The above has the advantage in that it:
* is a clear block of code for handling the file object
* automatically handles closing the file
* deals with exception handling (i.e. dealing with interruptions or errors in the normal execution of commands)

In [4]:
len(a)

1847

In [5]:
a[0]

'dataset,x,y\n'

In [6]:
a[1]

'dino,55.3846,97.1795\n'

In [7]:
a[1].strip().split(',')

['dino', '55.3846', '97.1795']

In [8]:
with open('DatasaurusDozen.csv','r') as f:
    col = f.readline()
    a = []
    for i in f.readlines():
        a.append(i.strip().split(','))

In [9]:
a

[['dino', '55.3846', '97.1795'],
 ['dino', '51.5385', '96.0256'],
 ['dino', '46.1538', '94.4872'],
 ['dino', '42.8205', '91.4103'],
 ['dino', '40.7692', '88.3333'],
 ['dino', '38.7179', '84.8718'],
 ['dino', '35.641', '79.8718'],
 ['dino', '33.0769', '77.5641'],
 ['dino', '28.9744', '74.4872'],
 ['dino', '26.1538', '71.4103'],
 ['dino', '23.0769', '66.4103'],
 ['dino', '22.3077', '61.7949'],
 ['dino', '22.3077', '57.1795'],
 ['dino', '23.3333', '52.9487'],
 ['dino', '25.8974', '51.0256'],
 ['dino', '29.4872', '51.0256'],
 ['dino', '32.8205', '51.0256'],
 ['dino', '35.3846', '51.4103'],
 ['dino', '40.2564', '51.4103'],
 ['dino', '44.1026', '52.9487'],
 ['dino', '46.6667', '54.1026'],
 ['dino', '50.0', '55.2564'],
 ['dino', '53.0769', '55.641'],
 ['dino', '56.6667', '56.0256'],
 ['dino', '59.2308', '57.9487'],
 ['dino', '61.2821', '62.1795'],
 ['dino', '61.5385', '66.4103'],
 ['dino', '61.7949', '69.1026'],
 ['dino', '57.4359', '55.2564'],
 ['dino', '54.8718', '49.8718'],
 ['dino', '52.5

In [10]:
print(col)

dataset,x,y



In [None]:
print(a[0])

Definitely a way to handle the data...

but there are easier ways.

In [12]:
import csv

In [13]:
with open('DatasaurusDozen.csv','r') as f:
    x = csv.reader(f)

    # the return object of csv.reader is a "reader object", so we cast it to a list
    x = list(x)
    col = x[0]
    a = x[1:]

In [14]:
col

['dataset', 'x', 'y']

In [15]:
a[0]

['dino', '55.3846', '97.1795']

The csv library has some useful ways to use CSV files, though at the moment the reading has abstracted too much.

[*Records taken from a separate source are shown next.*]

lemma trivial_at_even_gdist:
  assumes "v \<in> V" and "w \<in> V" and "even (gdist V E v w)" and "trivial_at v"
  shows "trivial_at w"
proof -
  obtain xs where xs: "is_walk V E xs (gdist V E v w)" "xs ! 0 = v" "xs ! gdist V E v w = w"
    using gdist_walk_nth[OF assms(1,2)] by blast
  then show ?thesis using trivial_at_walk_parity[OF xs(1), of 0 "gdist V E v w"] assms(3,4) by simp
qed

lemma trivial_at_everywhere_if_odd:
  assumes "odd n" and "v \<in> V" and "w \<in> V" and triv: "trivial_at v"
  shows "trivial_at w"
proof (cases "even (gdist V E v w)")
  case False
  obtain xs where xs: "is_walk V E xs (gdist V E v w)" "xs ! 0 = v" "xs ! gdist V E v w = w"
    using gdist_walk_nth[OF assms(2,3)] by blast
  have "0 < gdist V E v w" using False by (rule odd_pos)
  then have "{xs ! 0, xs ! Suc 0} \<in> E" using xs(1) unfolding is_walk_def by blast
  then have "trivial_at (xs ! 1)" using trivial_at_neighbour_if_odd[OF assms(1) triv] xs(2) by simp
  then show ?thesis
    using trivial_at_walk_parity[OF xs(1), of 1 "gdist V E v w"] False \<open>0 < gdist V E v w\<close> xs(3)
    by simp
qed (use trivial_at_even_gdist assms in blast)

end

theorem proposition2p17:
  fixes V :: "'a set" and E :: "'a set set" and opp :: "'a \<Rightarrow> 'a \<Rightarrow> 'a \<Rightarrow> bool"
    and n :: nat and v :: 'a
  assumes "veldkamp_ngon V E opp n"
    and "v \<in> V"
    and "trivial_opp (nbrs E v) (opp v)"
  shows "(\<forall>w\<in>V. even (gdist V E v w) \<longrightarrow> trivial_opp (nbrs E w) (opp w))
       \<and> (odd n \<longrightarrow> (\<forall>w\<in>V. trivial_opp (nbrs E w) (opp w)))"
proof -
  interpret veldkamp_polygon V E opp n by unfold_locales (rule assms(1))
  have "trivial_at v" using assms(3) unfolding trivial_at_def .
  then show ?thesis
    using trivial_at_even_gdist trivial_at_everywhere_if_odd assms(2)
    unfolding trivial_at_def by blast
qed

end
lemma rows_split_GD:
  assumes "group G" "finite (carrier G)" "is_rep G d \<rho>"
    and rows: "S1 \<union> S2 = {..<m}" and split: "rows_split G d \<rho> S1 S2 W"
  shows "rows_split G d \<rho> S1 S2 (GD G m \<eta> W)"
proof -
  obtain A B C where W: "W = (A, B, C)"
    by (cases W)
  obtain A' B' C' where GD: "GD G m \<eta> (A, B, C) = (A', B', C')"
    by (cases "GD G m \<eta> (A, B, C)")
  have S1: "\<And>j. j \<in> S1 \<Longrightarrow> in_R G d \<rho> (A j) \<and> in_R G d \<rho> (B j) \<and> in_R G d \<rho> (C j)"
    and S2: "\<And>j. j \<in> S2 \<Longrightarrow> in_Rperp G d \<rho> (A j) \<and> in_Rperp G d \<rho> (B j) \<and> in_Rperp G d \<rho> (C j)"
    using split by (auto simp: rows_split_def W)
  have orth: "(\<Sum>g\<in>carrier G. v g * w g) = 0" if "in_Rperp G d \<rho> v" "in_R G d \<rho> w" for v w
    using that by (simp add: in_Rperp_def)
  have orth': "(\<Sum>g\<in>carrier G. v g * w g) = 0" if "in_R G d \<rho> v" "in_Rperp G d \<rho> w" for v w
    using orth[OF that(2,1)] by (simp add: mult.commute)
  have rows': "S2 \<union> S1 = {..<m}"
    using rows by auto
  have "in_R G d \<rho> (A' i) \<and> in_R G d \<rho> (B' i) \<and> in_R G d \<rho> (C' i)" if "i \<in> S1" for i
    by (rule GD_row_in_invariant_subspace[OF translation_invariant_subspace_in_R[OF assms(1,3)]
          assms(2) orth rows S1 S2 that GD])
  moreover have "in_Rperp G d \<rho> (A' i) \<and> in_Rperp G d \<rho> (B' i) \<and> in_Rperp G d \<rho> (C' i)" if "i \<in> S2" for i
    by (rule GD_row_in_invariant_subspace[OF translation_invariant_subspace_in_Rperp[OF assms(1,3)]
          assms(2) orth' rows' S2 S1 that GD])
  ultimately show ?thesis
    by (simp add: rows_split_def W GD)
qed

theorem mainTheorem13:
  fixes G :: "('a, 'b) monoid_scheme" and d m :: nat and \<rho> :: "'a \<Rightarrow> complex mat"
    and S1 S2 :: "nat set" and W :: "'a weights" and \<eta> :: real
  assumes "group G" and "finite (carrier G)"
    and "is_rep G d \<rho>" and "self_conjugate G d \<rho>"
    and "S1 \<union> S2 = {..<m}" and "S1 \<inter> S2 = {}"
    and "rows_split G d \<rho> S1 S2 W"
    and "\<eta> > 0"
  shows "rows_split G d \<rho> S1 S2 (GD G m \<eta> W) \<and>
         (\<forall>t::nat. rows_split G d \<rho> S1 S2 ((GD G m \<eta> ^^ t) W))"
proof -
  have step: "\<And>W. rows_split G d \<rho> S1 S2 W \<Longrightarrow> rows_split G d \<rho> S1 S2 (GD G m \<eta> W)"
    by (rule rows_split_GD[OF assms(1-3,5)])
  have "rows_split G d \<rho> S1 S2 ((GD G m \<eta> ^^ t) W)" for t
    by (induction t) (simp_all add: assms(7) step)
  with step assms(7) show ?thesis
    by blast
qed
(* Let $n\ge 2k\ge 2$, let $S\subseteq\{0,1,\ldots,k-1\}$ be nonempty, and let $X=\bigcup_{i\in S}J(n,k,i)$. If $X$ admits perfect state transfer between two distinct vertices, then $n=2k$.
   Context: $J(n,k,i)$ is the graph on the $k$-subsets of $\{1,\ldots,n\}$ with $A\sim B$ iff $|A\cap B|=i$; the union $\bigcup_{i\in S}J(n,k,i)$ is the graph on the same vertex set with $A\sim B$ iff $|A\cap B|\in S$. For a simple graph $X$ with adjacency matrix $A$, let $\mathcal{H}_X(t)=e^{itA}$; there is perfect state transfer between vertices $u\ne v$ if $|\mathcal{H}_X(\tau)_{u,v}|=1$ for some $\tau>0$. *)

theory Defs
  imports "HOL-Analysis.Analysis"
begin

definition ksubsets :: "nat \<Rightarrow> nat \<Rightarrow> nat set set" where
  "ksubsets n k = {A. A \<subseteq> {1..n} \<and> card A = k}"

text \<open>Adjacency relation of the union of J(n,k,i) over i in S.\<close>
definition jgraph_union_adj :: "nat set \<Rightarrow> nat set \<Rightarrow> nat set \<Rightarrow> bool" where
  "jgraph_union_adj S A B \<longleftrightarrow> card (A \<inter> B) \<in> S"

definition adj_matrix :: "('a \<Rightarrow> 'a \<Rightarrow> bool) \<Rightarrow> 'a \<Rightarrow> 'a \<Rightarrow> complex" where
  "adj_matrix E u v = (if E u v then 1 else 0)"

fun mat_pow :: "'a set \<Rightarrow> ('a \<Rightarrow> 'a \<Rightarrow> complex) \<Rightarrow> nat \<Rightarrow> 'a \<Rightarrow> 'a \<Rightarrow> complex" where
  "mat_pow V M 0 = (\<lambda>u v. if u = v then 1 else 0)"
| "mat_pow V M (Suc m) = (\<lambda>u v. \<Sum>w\<in>V. mat_pow V M m u w * M w v)"

definition transition_matrix ::
  "'a set \<Rightarrow> ('a \<Rightarrow> 'a \<Rightarrow> bool) \<Rightarrow> real \<Rightarrow> 'a \<Rightarrow> 'a \<Rightarrow> complex" where
  "transition_matrix V E t u v =
     (\<Sum>m. (\<i> * complex_of_real t) ^ m / of_nat (fact m) * mat_pow V (adj_matrix E) m u v)"

definition has_pst :: "'a set \<Rightarrow> ('a \<Rightarrow> 'a \<Rightarrow> bool) \<Rightarrow> bool" where
  "has_pst V E \<longleftrightarrow> (\<exists>u\<in>V. \<exists>v\<in>V. u \<noteq> v \<and>
      (\<exists>\<tau>>0. cmod (transition_matrix V E \<tau> u v) = 1))"

end

theory Submission
  imports Defs "HOL-Combinatorics.Transposition"
begin

text \<open>
  For a Hermitian matrix \<open>M\<close> the matrix \<open>U(t) = exp(itM)\<close> is unitary, so every row of \<open>U(t)\<close>
  has Euclidean norm 1; perfect state transfer from \<open>u\<close> to \<open>v\<close> therefore forces \<open>U(t)\<close> to vanish
  on the rest of row \<open>u\<close>. Any automorphism of the graph commutes with \<open>U(t)\<close>, so an automorphism
  fixing \<open>u\<close> but moving \<open>v\<close> to \<open>v'\<close> yields \<open>|U(t)\<^sub>u\<^sub>v'| = |U(t)\<^sub>u\<^sub>v| = 1\<close>, which is impossible.
  If \<open>n > 2k\<close>, then for distinct \<open>k\<close>-sets \<open>A\<close>, \<open>B\<close> there is a point \<open>c\<close> outside \<open>A \<union> B\<close>, and
  the transposition of \<open>c\<close> with a point of \<open>B - A\<close> is such an automorphism of every graph on the
  \<open>k\<close>-sets whose adjacency depends only on \<open>|A \<inter> B|\<close>; no hypothesis on \<open>S\<close> is needed.
\<close>

definition evolution :: "'a set \<Rightarrow> ('a \<Rightarrow> 'a \<Rightarrow> complex) \<Rightarrow> real \<Rightarrow> 'a \<Rightarrow> 'a \<Rightarrow> complex" where
  "evolution V M t u v = (\<Sum>m. (\<i> * complex_of_real t) ^ m / of_nat (fact m) * mat_pow V M m u v)"
lemma hilbert_block_le:
  fixes x :: "nat \<Rightarrow> real"
  shows "(\<Sum>i\<le>k. \<Sum>j\<in>{k<..<N}. 2 * x i * x j / (real j - real i)) \<le> pi * (\<Sum>i<N. (x i)\<^sup>2)"
proof (cases "k < N")
  case False
  then show ?thesis by (simp add: sum_nonneg)
next
  case True
  define A where "A i = real k - real i + 1/2" for i
  define B where "B j = real j - real k - 1/2" for j
  \<comment> \<open>Schur test: with these weights every row and column sum of the kernel is bounded by
    \<open>sum_hilbert_kernel_le_pi\<close>.\<close>
  define r where "r i j = sqrt (A i) / sqrt (B j)" for i j
  have A: "A i > 0" if "i \<le> k" for i using that by (simp add: A_def)
  have B: "B j > 0" if "j \<in> {k<..<N}" for j using that by (simp add: B_def)
  have row: "(\<Sum>j\<in>{k<..<N}. r i j / (A i + B j)) \<le> pi" if "i \<le> k" for i
  proof -
    have "(\<Sum>j\<in>{k<..<N}. r i j / (A i + B j))
        = (\<Sum>m<N - Suc k. sqrt (A i) / ((A i + (real m + 1/2)) * sqrt (real m + 1/2)))"
      by (rule sum.reindex_bij_witness[where i = "\<lambda>m. m + Suc k" and j = "\<lambda>j. j - Suc k"])
        (auto simp: r_def B_def algebra_simps)
    also have "\<dots> \<le> pi" using A[OF that] by (rule sum_hilbert_kernel_le_pi)
    finally show ?thesis .
  qed
  have column: "(\<Sum>i\<le>k. (1 / r i j) / (A i + B j)) \<le> pi" if "j \<in> {k<..<N}" for j
  proof -
    have "(\<Sum>i\<le>k. (1 / r i j) / (A i + B j))
        = (\<Sum>m<Suc k. sqrt (B j) / ((B j + (real m + 1/2)) * sqrt (real m + 1/2)))"
      by (rule sum.reindex_bij_witness[where i = "\<lambda>m. k - m" and j = "\<lambda>i. k - i"])
        (auto simp: r_def A_def algebra_simps)
    also have "\<dots> \<le> pi" using B[OF that] by (rule sum_hilbert_kernel_le_pi)
    finally show ?thesis .
  qed
  have "(\<Sum>i\<le>k. \<Sum>j\<in>{k<..<N}. 2 * x i * x j / (real j - real i))
      \<le> (\<Sum>i\<le>k. \<Sum>j\<in>{k<..<N}. (r i j * (x i)\<^sup>2 + (x j)\<^sup>2 / r i j) / (A i + B j))"
  proof (intro sum_mono)
    fix i j assume "i \<in> {..k}" "j \<in> {k<..<N}"
    then have "r i j > 0" "A i + B j > 0" and "real j - real i = A i + B j"
      using A B by (auto simp: r_def A_def B_def)
    moreover note two_mult_le_scaled_squares[of "r i j" "x i" "x j"]
    ultimately show "2 * x i * x j / (real j - real i) \<le> (r i j * (x i)\<^sup>2 + (x j)\<^sup>2 / r i j) / (A i + B j)"
      by (simp add: divide_right_mono)
  qed
  also have "\<dots> = (\<Sum>i\<le>k. (x i)\<^sup>2 * (\<Sum>j\<in>{k<..<N}. r i j / (A i + B j)))
      + (\<Sum>j\<in>{k<..<N}. (x j)\<^sup>2 * (\<Sum>i\<le>k. (1 / r i j) / (A i + B j)))"
    by (simp add: add_divide_distrib sum.distrib sum_distrib_left sum.swap[of _ "{..k}"] algebra_simps)
  also have "\<dots> \<le> (\<Sum>i\<le>k. (x i)\<^sup>2 * pi) + (\<Sum>j\<in>{k<..<N}. (x j)\<^sup>2 * pi)"
    using row column by (intro add_mono sum_mono mult_left_mono) auto
  also have "\<dots> = pi * (\<Sum>i<N. (x i)\<^sup>2)"
  proof -
    have "{..<N} = {..k} \<union> {k<..<N}" using True by auto
    then show ?thesis
      by (simp add: sum.union_disjoint ivl_disj_int sum_distrib_left algebra_simps)
  qed
  finally show ?thesis .
qed

lemma sum_straddling_pairs:
  fixes F :: "nat \<Rightarrow> nat \<Rightarrow> 'a::comm_monoid_add"
  shows "(\<Sum>i<N. \<Sum>j\<in>{i<..<N}. if i \<le> k \<and> k < j then F i j else 0) = (\<Sum>i\<le>k. \<Sum>j\<in>{k<..<N}. F i j)"
proof -
  have "(\<Sum>i<N. \<Sum>j\<in>{i<..<N}. if i \<le> k \<and> k < j then F i j else 0)
      = (\<Sum>i<N. if i \<le> k then \<Sum>j\<in>{k<..<N}. F i j else 0)"
  proof (rule sum.cong[OF refl])
    fix i
    have "{j \<in> {i<..<N}. i \<le> k \<and> k < j} = (if i \<le> k then {k<..<N} else {})" by auto
    then show "(\<Sum>j\<in>{i<..<N}. if i \<le> k \<and> k < j then F i j else 0) = (if i \<le> k then \<Sum>j\<in>{k<..<N}. F i j else 0)"
      by (simp add: sum.inter_filter[symmetric])
  qed
  also have "\<dots> = (\<Sum>i\<le>k. \<Sum>j\<in>{k<..<N}. F i j)"
  proof (cases "k < N")
    case True
    then have "{i \<in> {..<N}. i \<le> k} = {..k}" by auto
    then show ?thesis by (simp add: sum.inter_filter[symmetric])
  qed simp
  finally show ?thesis .
qed

lemma sum_inverse_differences:
  "(\<Sum>i<N. \<Sum>j\<in>{i<..<N}. 1 / (real j - real i)) = real N * (\<Sum>k=1..N. 1 / real k) - real N"
proof (induction N)
  case (Suc N)
  have "(\<Sum>i<N. 1 / (real N - real i)) = (\<Sum>k=1..N. 1 / real k)"
    by (rule sum.reindex_bij_witness[where i = "\<lambda>k. N - k" and j = "\<lambda>i. N - i"]) auto
  moreover have "{i<..<Suc N} = insert N {i<..<N}" if "i < N" for i
    using that by auto
  moreover have "{N<..<Suc N} = {}"
    by auto
  ultimately have "(\<Sum>i<Suc N. \<Sum>j\<in>{i<..<Suc N}. 1 / (real j - real i))
      = (\<Sum>i<N. \<Sum>j\<in>{i<..<N}. 1 / (real j - real i)) + (\<Sum>k=1..N. 1 / real k)"
    by (simp add: sum.distrib)
  then show ?case
    using Suc by (simp add: algebra_simps)
qed simp

section \<open>Mass and real inner product of states\<close>

definition mass :: "qstate \<Rightarrow> (nat \<times> nat) set \<Rightarrow> real" where
  "mass \<psi> X = infsum (\<lambda>b. (cmod (\<psi> b))\<^sup>2) X"

definition inner_re :: "qstate \<Rightarrow> qstate \<Rightarrow> real" where
  "inner_re \<psi> \<phi> = infsum (\<lambda>b. Re (cnj (\<psi> b) * \<phi> b)) UNIV"

lemma l2_summable_on: "\<psi> \<in> l2 \<Longrightarrow> (\<lambda>b. (cmod (\<psi> b))\<^sup>2) summable_on X"
  unfolding l2_def by (auto intro: summable_on_subset_banach)

lemma power2_l2norm: "(l2norm \<psi>)\<^sup>2 = mass \<psi> UNIV"
  unfolding l2norm_def mass_def by (simp add: infsum_nonneg)

lemma has_sum_mass: "\<psi> \<in> l2 \<Longrightarrow> ((\<lambda>b. (cmod (\<psi> b))\<^sup>2) has_sum mass \<psi> X) X"
  unfolding mass_def by (intro has_sum_infsum l2_summable_on)

lemma summable_on_cmod_mult:
  assumes "\<psi> \<in> l2" "\<phi> \<in> l2"
  shows "(\<lambda>b. cmod (\<psi> b) * cmod (\<phi> b)) summable_on X"
proof (rule summable_on_comparison_test)
  have "(\<lambda>b. ((cmod (\<psi> b))\<^sup>2 + (cmod (\<phi> b))\<^sup>2) * (1 / 2)) summable_on X"
    using assms by (intro summable_on_cmult_left summable_on_add l2_summable_on)
  then show "(\<lambda>b. ((cmod (\<psi> b))\<^sup>2 + (cmod (\<phi> b))\<^sup>2) / 2) summable_on X"
    by simp
  show "cmod (\<psi> b) * cmod (\<phi> b) \<le> ((cmod (\<psi> b))\<^sup>2 + (cmod (\<phi> b))\<^sup>2) / 2" for b
    using sum_squares_bound[of "cmod (\<psi> b)" "cmod (\<phi> b)"] by (simp add: power2_eq_square)
  show "0 \<le> cmod (\<psi> b) * cmod (\<phi> b)" for b
    by simp
qed

lemma abs_Re_cnj_mult_le: "\<bar>Re (cnj a * b)\<bar> \<le> cmod a * cmod b"
  by (metis abs_Re_le_cmod complex_mod_cnj norm_mult)

lemma has_sum_inner_re:
  assumes "\<psi> \<in> l2" "\<phi> \<in> l2"
  shows "((\<lambda>b. Re (cnj (\<psi> b) * \<phi> b)) has_sum inner_re \<psi> \<phi>) UNIV"
proof -
  have "(\<lambda>b. norm (Re (cnj (\<psi> b) * \<phi> b))) summable_on UNIV"
    by (rule summable_on_comparison_test[OF summable_on_cmod_mult[OF assms]])
      (simp_all only: real_norm_def abs_Re_cnj_mult_le abs_ge_zero)
  then have "(\<lambda>b. Re (cnj (\<psi> b) * \<phi> b)) summable_on UNIV"
    by (rule summable_on_iff_abs_summable_on_real[THEN iffD2])
  then show ?thesis
    unfolding inner_re_def by (rule has_sum_infsum)
qed

lemma abs_inner_re_le:
  assumes "\<psi> \<in> l2" "\<phi> \<in> l2"
  shows "\<bar>inner_re \<psi> \<phi>\<bar> \<le> infsum (\<lambda>b. cmod (\<psi> b) * cmod (\<phi> b)) UNIV"
  by (rule has_sum_abs_le[OF has_sum_inner_re[OF assms] has_sum_infsum[OF summable_on_cmod_mult[OF assms]]])
    (rule abs_Re_cnj_mult_le)

lemma inner_re_self: "inner_re \<psi> \<psi> = mass \<psi> UNIV"
proof -
  have "Re (cnj z * z) = (cmod z)\<^sup>2" for z
    by (subst cmod_power2) (simp add: power2_eq_square)
  then show ?thesis unfolding inner_re_def mass_def by simp
qed
text \<open>Two applications of the doubling inequality, each preceded by quasi-monotonicity.\<close>
lemma h_small_scale_le:
  assumes s: "0 < s" "2 * s < s1" "2 * c * s < \<epsilon>\<^sub>0"
  shows "h (16 * s / c) \<le> ((B / A) * doubling_const)^2 * h s"
proof -
  define K0 where "K0 = doubling_const"
  have K0: "K0 > 0" unfolding K0_def by (rule doubling_const_pos)
  have "c * s > 0"
    using s c_gt_4 by simp
  then have cs: "c * s > 0" "c * s < \<epsilon>\<^sub>0"
    using s(3) by linarith+
  have "16 \<le> c * c"
    using mult_mono[of 4 c 4 c] c_gt_4 by simp
  then have "16 * s \<le> c * (c * s)"
    using s(1) mult_right_mono[of 16 "c * c" s] by (simp add: mult.assoc)
  then have "16 * s / c \<le> c * s"
    using c_gt_4 by (simp add: divide_le_eq mult.commute)
  moreover have "0 < 16 * s / c"
    using s c_gt_4 by simp
  ultimately have "A * h (16 * s / c) \<le> B * h (c * s)"
    using cs by (intro h_quasi_mono)
  then have "h (16 * s / c) \<le> (B / A) * h (c * s)"
    using A_pos by (simp add: field_simps)
  also have "\<dots> \<le> (B / A) * (K0 * h (2 * s))"
    using h_doubling[of "2 * s"] s A_pos B_pos unfolding K0_def
    by (intro mult_left_mono) (simp_all add: mult_ac)
  also have "\<dots> \<le> (B / A) * (K0 * ((B / A) * h (c * s / 2)))"
    using h_quasi_mono[of "2 * s" "c * s / 2"] s c_gt_4 cs A_pos B_pos K0
    by (intro mult_left_mono) (simp_all add: field_simps)
  also have "\<dots> \<le> (B / A) * (K0 * ((B / A) * (K0 * h s)))"
    using h_doubling[of s] s cs A_pos B_pos K0 unfolding K0_def
    by (intro mult_left_mono) simp_all
  finally show ?thesis
    unfolding K0_def by (simp add: power2_eq_square mult_ac)
qed
(* Let $F_1,\dots,F_n:\mathbb{R}^d\to\mathbb{R}^d$, $F=\frac1n\sum_iF_i$, $F(x^* )=0$; assume $F$ is $L$-Lipschitz and $\mu$-quasi strongly monotone, and that the Expected Residual condition holds with parameter $\delta>0$ for $g=F_v$, $v\sim\mathcal D$; let $\sigma_*^2=\mathbb{E}\|F_v(x^* )\|^2<\infty$. Let $\bar\omega:=\min\{\frac1{4L},\frac{\mu}{18\delta}\}$, $k^*:=\lceil\frac{4}{\mu\bar\omega}\rceil$, and $$\gamma_k=\omega_k:=\begin{cases}\bar\omega,&k\le k^*,\\ \frac{2k+1}{(k+1)^2}\cdot\frac2\mu,&k>k^*.\end{cases}$$ Then for all $K\ge k^*$, the iterates of SPEG with these step-sizes satisfy $$R_K^2\le\Big(\frac{k^*}{K}\Big)^2\frac{R_0^2}{\exp(2)}+\frac{192\sigma_*^2}{\mu^2K},$$ where $R_K^2:=\mathbb{E}\big[\|x_K-x^*\|^2+\|x_K-\hat x_{K-1}\|^2\big]$.
   Context: $L$-Lipschitz: $\|F(x)-F(y)\|\le L\|x-y\|$. $\mu$-quasi strongly monotone ($\mu>0$): $\langle F(x),x-x^*\rangle\ge\mu\|x-x^*\|^2$ for all $x$. A sampling distribution $\mathcal D$ is a distribution of a random $v\in\mathbb{R}^n_+$ with $\mathbb{E}[v_i]=1$ for all $i$; $F_v(x):=\frac1n\sum_iv_iF_i(x)$. Expected Residual with parameter $\delta$: $\mathbb{E}\|(F_v(x)-F_v(x^* ))-(F(x)-F(x^* ))\|^2\le\frac\delta2\|x-x^*\|^2$ for all $x$. SPEG: given $x_0$, $\hat x_{-1}=x_0$, and for $k\ge0$: $\hat x_k=x_k-\gamma_kF_{v_{k-1}}(\hat x_{k-1})$, $x_{k+1}=x_k-\omega_kF_{v_k}(\hat x_k)$, with $v_{-1},v_0,\dots$ i.i.d. from $\mathcal D$. *)

theory Defs
  imports "HOL-Analysis.Analysis" "HOL-Probability.Probability"
begin

text \<open>Operators F_1..F_n are indexed by a finite type 'i (n = CARD('i)); sample vectors
  v are elements of real^'i; points live in an arbitrary Euclidean space 'a (= R^d).\<close>

definition Fmean :: "('i::finite \<Rightarrow> 'a::euclidean_space \<Rightarrow> 'a) \<Rightarrow> 'a \<Rightarrow> 'a" where
  "Fmean Fs x = (1 / real CARD('i)) *\<^sub>R (\<Sum>i\<in>UNIV. Fs i x)"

The Excel spreadsheet is not a straight-forward text file for us to read, but....

"openpyxl is a Python library to read/write Excel 2010 xlsx/xlsm/xltx/xltm files. It was born from lack of existing library to read/write natively from Python the Office Open XML format." -- [OpenPyXL documentation](https://openpyxl.readthedocs.io/en/stable/)

In [16]:
import openpyxl

In [17]:
wb = openpyxl.load_workbook(filename = 'DatasaurusDozen.xlsx')

In [18]:
wb.sheetnames

['DatasaurusDozen']

In [19]:
sheet = wb['DatasaurusDozen']

In [20]:
for i in sheet.values:
    print(i)

('dataset', 'x', 'y')
('dino', 55.3846, 97.1795)
('dino', 51.5385, 96.0256)
('dino', 46.1538, 94.4872)
('dino', 42.8205, 91.4103)
('dino', 40.7692, 88.3333)
('dino', 38.7179, 84.8718)
('dino', 35.641, 79.8718)
('dino', 33.0769, 77.5641)
('dino', 28.9744, 74.4872)
('dino', 26.1538, 71.4103)
('dino', 23.0769, 66.4103)
('dino', 22.3077, 61.7949)
('dino', 22.3077, 57.1795)
('dino', 23.3333, 52.9487)
('dino', 25.8974, 51.0256)
('dino', 29.4872, 51.0256)
('dino', 32.8205, 51.0256)
('dino', 35.3846, 51.4103)
('dino', 40.2564, 51.4103)
('dino', 44.1026, 52.9487)
('dino', 46.6667, 54.1026)
('dino', 50, 55.2564)
('dino', 53.0769, 55.641)
('dino', 56.6667, 56.0256)
('dino', 59.2308, 57.9487)
('dino', 61.2821, 62.1795)
('dino', 61.5385, 66.4103)
('dino', 61.7949, 69.1026)
('dino', 57.4359, 55.2564)
('dino', 54.8718, 49.8718)
('dino', 52.5641, 46.0256)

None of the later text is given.